-- Opening Marker --

(* The following randomized mechanism for a combinatorial auction with item set $M$ and bidder set $N$ is universally obviously strategy-proof. Index the bidders in an arbitrary fixed order. Independently place each bidder in a set $S$ with probability $1/2$ and in a set $U$ otherwise. Bidders in $S$ receive nothing and pay nothing, and report their value for each item. For each item $j$, set price $p_j=\max_{i\in S}v_{ij}$ and let $n(j)$ be the smallest index among bidders in $\arg\max_{i\in S}v_{ij}$. Then, for each $i\in U$ in an arbitrary order, bidder $i$ purchases (paying $p_j$ for each) all previously unsold items $j$ for which either $v_{ij}>p_j$, or $v_{ij}=p_j$ and $i$ has a lower index than $n(j)$.
   Context: Bidders have additive valuations: bidder $i$ has private values $v_{ij}\ge0$ for items $j\in M$, and $v_i(A)=\sum_{j\in A}v_{ij}$; utilities are quasi-linear. In the mechanism, bidders in $U$ act by choosing which available items to purchase (equivalently, reporting which items they accept at the posted prices). A deterministic mechanism is a rooted tree: each internal node is assigned to one bidder, who sends one of the messages labeling the outgoing edges; each leaf is labeled with a feasible allocation and payments. A behavior $B_i$ specifies a message at every node of bidder $i$; a profile $B$ determines a root-to-leaf path $\mathrm{Path}(B)$ with bundle $f_i(B)$ and payment $p_i(B)$ for $i$. A strategy $\mathcal S_i$ maps each valuation $v_i$ in the domain to a behavior; it is obviously dominant if for every $v_i$, every node $u$ of $i$, every $B_{-i}$ and every profile $B'$ with $u\in\mathrm{Path}(\mathcal S_i(v_i),B_{-i})\cap\mathrm{Path}(B')$ and $B'_i$ sending at $u$ a message different from $\mathcal S_i(v_i)$'s, $v_i(f_i(\mathcal S_i(v_i),B_{-i}))-p_i(\mathcal S_i(v_i),B_{-i})\ge v_i(f_i(B'))-p_i(B')$. A deterministic mechanism is OSP if it has obviously dominant strategies for all bidders; a randomized mechanism (a distribution over deterministic mechanisms with strategies) is universally OSP if every mechanism in its support is OSP. *)

theory Defs
  imports "HOL-Probability.Probability"
begin

text \<open>A mechanism tree: internal nodes are assigned to a bidder (a natural number) and
carry the set of admissible messages (edge labels) together with the child reached by
each message; leaves carry an outcome.  Nodes are identified by the history
(list of messages) leading to them from the root.\<close>

datatype ('m, 'o) mtree = Leaf 'o | Node nat "'m set" "'m \<Rightarrow> ('m, 'o) mtree"

primrec subtree :: "('m, 'o) mtree \<Rightarrow> 'm list \<Rightarrow> ('m, 'o) mtree option" where
  "subtree T [] = Some T"
| "subtree T (m # h) =
     (case T of Leaf _ \<Rightarrow> None
              | Node a ms c \<Rightarrow> (if m \<in> ms then subtree (c m) h else None))"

-- Closing Marker --

» WHAT NEEDS TO BE DONE
The answer must consist of every line above that contains the word "carry".

» REPLY
carry the set of admissible messages (edge labels) together with the child reached by
each message; leaves carry an outcome.  Nodes are identified by the history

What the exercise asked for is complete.